The response of one singer questioned about this double bind was fascinating. Well known and newly slim, she recalled previous gibes from critics, and politely declined to comment. It was an insight into just how sensitive a topic this is for the singing profession.
Then I put Dr Osin’s ideas to John Treleaven, the clarion-voiced Cornish heldentenor who’s just been singing Siegfried at the Royal Opera. He’s lost 26 kg (almost five stone) since I first saw him singing another Wagner role in Nice a few years ago, and looks terrific. “My God, this is dangerous!” he explodes. “It’s an excuse for us all to get fat!” Had he slimmed down because of pressure from directors? “No, not directly,” he says. “But I realised I needed to keep myself marketable. The things that were acceptable visually in opera 25 years ago aren’t any more.”
He says he lost the weight by following a Weight Watchers’ programme “illegally” and exercising in the gym at least twice a week. It’s a regime he still maintains. Is it worth it? “Undoubtedly. I’ve got so much more energy and, I think, more voice as well. I used to be totally kaput the day after singing the role of Siegfried, and now I’m not. I feel I’m in touch with my physical being in a much better way.”
I begin to understand that it’s a topic singers frequently discuss among themselves. It was another singer who tipped him off about Weight Watchers, for example. Yet another, the dramatic soprano Deborah Polaski, gave him the name of a tasty low-fat salad dressing. And since he’s lost his excess baggage, other performers have been begging him for advice.

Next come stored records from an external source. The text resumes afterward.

text \<open>Continuous functions are bounded on the compact set U(2), which carries all the mass.\<close>
lemma haar_integrable_continuous:
  fixes F :: "cmat2 \<Rightarrow> 'b::{banach, second_countable_topology}"
  assumes F: "continuous_on UNIV F"
  shows "integrable M F"
proof -
  have "bounded (F ` U2)"
    by (intro compact_imp_bounded compact_continuous_image continuous_on_subset[OF F] compact_U2) auto
  then obtain B where B: "\<And>U. U \<in> U2 \<Longrightarrow> norm (F U) \<le> B" by (auto simp: bounded_iff)
  show ?thesis
  proof (rule integrable_const_bound)
    show "AE U in M. norm (F U) \<le> B" using AE_haar_U2 by eventually_elim (rule B)
  qed (rule haar_measurable_continuous[OF F])
qed

lemma haar_integral_left_invariant:
  fixes F :: "cmat2 \<Rightarrow> 'b::{banach, second_countable_topology}"
  assumes V: "V \<in> U2" and F: "continuous_on UNIV F"
  shows "integral\<^sup>L M (\<lambda>U. F (V ** U)) = integral\<^sup>L M F"
proof -
  have mult_meas: "(\<lambda>U. V ** U) \<in> measurable M M"
  proof -
    have "continuous_on UNIV (\<lambda>U::cmat2. V ** U)"
      unfolding matrix_matrix_mult_def by (intro continuous_intros)
    then show ?thesis
      using borel_measurable_continuous_onI measurable_cong_sets[OF sets_haar sets_haar] by blast
  qed
  have "distr M M (\<lambda>U. V ** U) = M"
  proof (rule measure_eqI)
    fix A assume "A \<in> sets (distr M M (\<lambda>U. V ** U))"
    then have A: "A \<in> sets borel" using sets_haar by simp
    have "emeasure (distr M M (\<lambda>U. V ** U)) A = emeasure M {U. V ** U \<in> A}"
      using A sets_haar mult_meas sets_eq_imp_space_eq[OF sets_haar]
      by (simp add: emeasure_distr vimage_def)
    also have "\<dots> = emeasure M A" using haar V A unfolding haar_U2_def by blast
    finally show "emeasure (distr M M (\<lambda>U. V ** U)) A = emeasure M A" .
  qed simp
  then show ?thesis
    using integral_distr[OF mult_meas haar_measurable_continuous[OF F]] by simp
qed

lemma haar_integral_AE_const:
  fixes c :: "'b::{banach, second_countable_topology}"
  assumes "continuous_on UNIV F" "AE U in M. F U = c"
  shows "integral\<^sup>L M F = c"
proof -
  have "integral\<^sup>L M F = integral\<^sup>L M (\<lambda>_. c)"
    using assms by (intro integral_cong_AE haar_measurable_continuous) auto
  then show ?thesis by (simp add: prob_space)
qed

Treleaven says he didn’t face any external pressure to lose weight, but then he’s a heldentenor. He’s one of a rare breed. Sopranos aren’t so lucky. Just think of Deborah Voigt. Her name was splashed all over the world’s press when she was dropped from a production of Strauss’s Ariadne at the Royal Opera for being too large. And Rachael Tovey, a performer who has just received a Best Singer nomination in the influential German opera magazine Opernwelt, was told by Coburg Opera that she was too large to sing Senta in Wagner’s The Flying Dutchman. (She’s since lost 23 kg, and Coburg has expressed interest again.)
Is it fair that we demand a beautiful sound from singers and expect them to overcome the biological cost as well? Some singers bravely defy the straitjacket of svelteness. The large and gorgeous-sounding soprano Christine Brewer has gone on record to defend her size and to fight the trend to impose slimness on singers. Others take a more practical view. “Four years ago I would have said no, the situation isn’t fair,” says Jacqueline Bremar, a soprano who is also Rachael Tovey’s teacher. “But now I’m not sure. Yes, there’s a problem with the influence of TV and film. People expect more realism in opera, and they want to see a consumptive Mimì and a vulnerable Butterfly. That’s tough. But on the other hand singers also owe it to themselves to be healthy.”

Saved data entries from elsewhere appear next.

(* Assume $\lambda<1-\frac1d$. Let $x$ be a fluid solution such that $x_{0,0}(t)>0$ for all $t\ge0$. Then there exist $\alpha>0$ and $\beta>0$ such that $\|x(t)-x^\star\|\le\alpha e^{-\beta t}$ for all $t\ge0$, where $x^\star$ is given by $x^\star_{0,0}=1-\lambda-\frac1d$, $x^\star_{0,1}=\frac1d$, $x^\star_{1,1}=\lambda$ and $x^\star_{i,j}=0$ otherwise, and $\|\cdot\|$ is the Euclidean norm.
   Context: Fix $\lambda\in(0,1)$, an integer $d\ge2$ and an integer $I>1$. $\mathcal S=\{x=(x_{i,j})_{0\le i\le j\le I}: x_{i,j}\ge0,\ \sum_{i=0}^I\sum_{j=i}^I x_{i,j}=1\}$; $x_{i,\cdot}=\sum_{j=i}^I x_{i,j}$, $x_{\cdot,j}=\sum_{i=0}^j x_{i,j}$. For $0\le j\le I$: $\mathcal R_j(x)=\max\{0,\lambda(1-d\sum_{i=0}^j(j+1-i)x_{i,\cdot})\}\,\mathbf 1\{\sum_{i=0}^j x_{\cdot,i}=0\}$, $\mathcal G_j(x)=\lambda d\,\mathbf 1\{\sum_{i=0}^j x_{\cdot,i}=0,\ d\sum_{i=0}^j(j+1-i)x_{i,\cdot}\le1\}\sum_{i=0}^j x_{i,\cdot}$. Write $\rho_k^{a,b}(x)=\mathcal R_k(x)\frac{x_{a,b}}{x_{\cdot,b}}\mathbf 1\{x_{\cdot,b}>0\}$ (equal to $0$ when $x_{\cdot,b}=0$). The drift $b(x)$ is: $b_{0,0}=\lambda d(x_{0,\cdot}-x_{0,0})-\lambda+\mathcal R_0(x)$; for $i<j$: $b_{i,j}=x_{i+1,j}-\mathbf 1\{i>0\}x_{i,j}-\lambda d x_{i,j}-\rho_{j-1}^{i,j}+\mathbf 1\{i>0\}\rho_{j-2}^{i-1,j-1}+\mathbf 1\{j=I,i>0\}\rho_{I-1}^{i-1,I}$; $b_{1,1}=-x_{1,1}+\lambda d(x_{1,\cdot}-x_{1,1})+\lambda-\mathcal R_0(x)-\rho_0^{1,1}-\mathcal G_1(x)$; for $2\le i\le I-1$: $b_{i,i}=-x_{i,i}+\lambda d(x_{i,\cdot}-x_{i,i})-\rho_{i-1}^{i,i}+\rho_{i-2}^{i-1,i-1}+\mathcal G_{i-1}(x)-\mathcal G_i(x)$; $b_{I,I}=-x_{I,I}+\rho_{I-2}^{I-1,I-1}+\mathcal G_{I-1}(x)+\rho_{I-1}^{I-1,I}$. A fluid solution is an absolutely continuous $x:\mathbb R_+\to\mathcal S$ with $\dot x_{i,j}(t)=b_{i,j}(x(t))$ for a.e. $t$ and all $i\le j$. *)

theory Defs
  imports "HOL-Analysis.Analysis"
begin

text \<open>States: x :: nat \<Rightarrow> nat \<Rightarrow> real, only the entries x i j with i \<le> j \<le> I matter.\<close>

definition in_S :: "nat \<Rightarrow> (nat \<Rightarrow> nat \<Rightarrow> real) \<Rightarrow> bool" where
  "in_S I x \<longleftrightarrow> (\<forall>j\<le>I. \<forall>i\<le>j. x i j \<ge> 0) \<and> (\<Sum>i\<le>I. \<Sum>j=i..I. x i j) = 1"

So the battle with biology goes on. But if Dr Osin’s hypothesis is correct, it’s not just a personal battle but an occupational hazzard for the whole singing profession. Perhaps it’s time opera houses stopped punishing fat singers, and started finding ways to support them in their fight to control their weight. This is one debate that certainly ain’t over.

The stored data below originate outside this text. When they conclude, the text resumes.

(* Let $1\le\nu<\infty$, let $\phi(z)=az+b$ with $|a|=1$, $b\in\mathbb{C}$, and let $w$ be an entire function such that $W_{w,\phi}$ is bounded on $\mathcal{F}^\nu$. Then $W_{w,\phi}$ is power-bounded on $\mathcal{F}^\nu$ if and only if $|w(0)|\le e^{-|b|^2/2}$.
   Context: For $1\le\nu<\infty$, $\mathcal{F}^\nu$ is the space of entire functions $f$ with $\|f\|_\nu:=\left(\frac{\nu}{2\pi}\int_{\mathbb{C}}|f(z)|^\nu e^{-\nu|z|^2/2}\,dm(z)\right)^{1/\nu}<\infty$. $W_{w,\phi}f=w\,(f\circ\phi)$. An operator $T$ is power-bounded if $\sup_{n\ge1}\|T^n\|<\infty$. (For $|a|=1$ and $w\not\equiv0$, boundedness of $W_{w,\phi}$ on $\mathcal{F}^\nu$ forces $w(z)=w(0)e^{-\overline{b}az}$.) *)

theory Defs
  imports "HOL-Analysis.Analysis"
begin

definition wcomp :: "(complex \<Rightarrow> complex) \<Rightarrow> (complex \<Rightarrow> complex) \<Rightarrow> (complex \<Rightarrow> complex) \<Rightarrow> (complex \<Rightarrow> complex)"
  where "wcomp w \<phi> f = (\<lambda>z. w z * f (\<phi> z))"

definition fock_integral :: "real \<Rightarrow> (complex \<Rightarrow> complex) \<Rightarrow> ennreal"
  where "fock_integral \<nu> f =
    (\<integral>\<^sup>+ z. ennreal (cmod (f z) powr \<nu> * exp (- \<nu> * (cmod z)\<^sup>2 / 2)) \<partial>lborel)"

definition fock_space :: "real \<Rightarrow> (complex \<Rightarrow> complex) set"
  where "fock_space \<nu> = {f. f holomorphic_on UNIV \<and> fock_integral \<nu> f < \<infinity>}"

definition fock_norm :: "real \<Rightarrow> (complex \<Rightarrow> complex) \<Rightarrow> real"
  where "fock_norm \<nu> f = (\<nu> / (2 * pi) * enn2real (fock_integral \<nu> f)) powr (1 / \<nu>)"

definition bounded_on_fock :: "real \<Rightarrow> ((complex \<Rightarrow> complex) \<Rightarrow> (complex \<Rightarrow> complex)) \<Rightarrow> bool"
  where "bounded_on_fock \<nu> T \<longleftrightarrow>
    (\<forall>f \<in> fock_space \<nu>. T f \<in> fock_space \<nu>) \<and>
    (\<exists>C. \<forall>f \<in> fock_space \<nu>. fock_norm \<nu> (T f) \<le> C * fock_norm \<nu> f)"

definition power_bounded_on_fock :: "real \<Rightarrow> ((complex \<Rightarrow> complex) \<Rightarrow> (complex \<Rightarrow> complex)) \<Rightarrow> bool"
  where "power_bounded_on_fock \<nu> T \<longleftrightarrow>
    (\<exists>C. \<forall>n \<ge> 1. \<forall>f \<in> fock_space \<nu>. fock_norm \<nu> ((T ^^ n) f) \<le> C * fock_norm \<nu> f)"

end

theory Submission
  imports Defs "HOL-Probability.Distributions" "HOL-Complex_Analysis.Cauchy_Integral_Formula"
begin

text \<open>
  Put h(u) = w(cnj a (u - b)) exp(cnj b u - |b|^2/2), i.e. h = wcomp_affine_multiplier w a b.
  The substitution u = a z + b preserves Lebesgue measure on the plane because |a| = 1, and it
  turns the Fock integral of W F into that of h F; so on norms W acts as multiplication by h.
  Boundedness of W then gives ||h^n|| <= M^n ||1||, and this forces |h| <= M everywhere, for on
  a ball where |h| >= m > M the norm ||h^n|| would grow like m^n. By Liouville h is the constant
  h(b) = w(0) e^(|b|^2/2), so W is |w(0)| e^(|b|^2/2) times an isometry, and it is
  power-bounded exactly when this factor is at most 1.
\<close>

section \<open>Lebesgue measure on the complex plane\<close>

lemma borel_measurable_Complex [measurable]:
  assumes [measurable]: "f \<in> borel_measurable M" "g \<in> borel_measurable M"
  shows "(\<lambda>x. Complex (f x) (g x)) \<in> borel_measurable M"
  unfolding Complex_eq by measurable

lemma lborel_complex_eq_distr_pair:
  "(lborel :: complex measure) = distr (lborel \<Otimes>\<^sub>M lborel) borel (\<lambda>(x, y). Complex x y)"
proof (rule lborel_eqI)
  fix l u :: complex
  assume le: "\<And>i. i \<in> Basis \<Longrightarrow> l \<bullet> i \<le> u \<bullet> i"
  have [measurable]: "(\<lambda>(x, y). Complex x y) \<in> borel_measurable (lborel \<Otimes>\<^sub>M lborel)"
    by measurable
  have "(\<lambda>(x, y). Complex x y) -` box l u \<inter> space (lborel \<Otimes>\<^sub>M lborel)
      = box (Re l) (Re u) \<times> box (Im l) (Im u)"
    by (auto simp: box_def Basis_complex_def space_pair_measure)
  then have "emeasure (distr (lborel \<Otimes>\<^sub>M lborel) borel (\<lambda>(x, y). Complex x y)) (box l u)
      = emeasure lborel (box (Re l) (Re u)) * emeasure lborel (box (Im l) (Im u))"
    by (simp add: emeasure_distr lborel.emeasure_pair_measure_Times)
  also have "\<dots> = (\<Prod>i\<in>Basis. (u - l) \<bullet> i)"
    using le[of 1] le[of \<i>] by (simp add: Basis_complex_def ennreal_mult' inner_complex_def)
  finally show "emeasure (distr (lborel \<Otimes>\<^sub>M lborel) borel (\<lambda>(x, y). Complex x y)) (box l u)
      = (\<Prod>i\<in>Basis. (u - l) \<bullet> i)" .
qed simp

It’s not over: the fat lady slims
When the American soprano Deborah Voigt was relieved of her contract at Covent Garden because of her shape she decided it was the final straw.
In the month when Voigt would have been performing in London she instead underwent a gastric bypass. Since then she has lost 7st (45 kg), going from a size 30 to a size 14.
Result? “I’m going to show the audience something they haven’t seen — a more compelling and believable approach,” she said this year. “And I’m doing more Toscas than I ever thought I would.”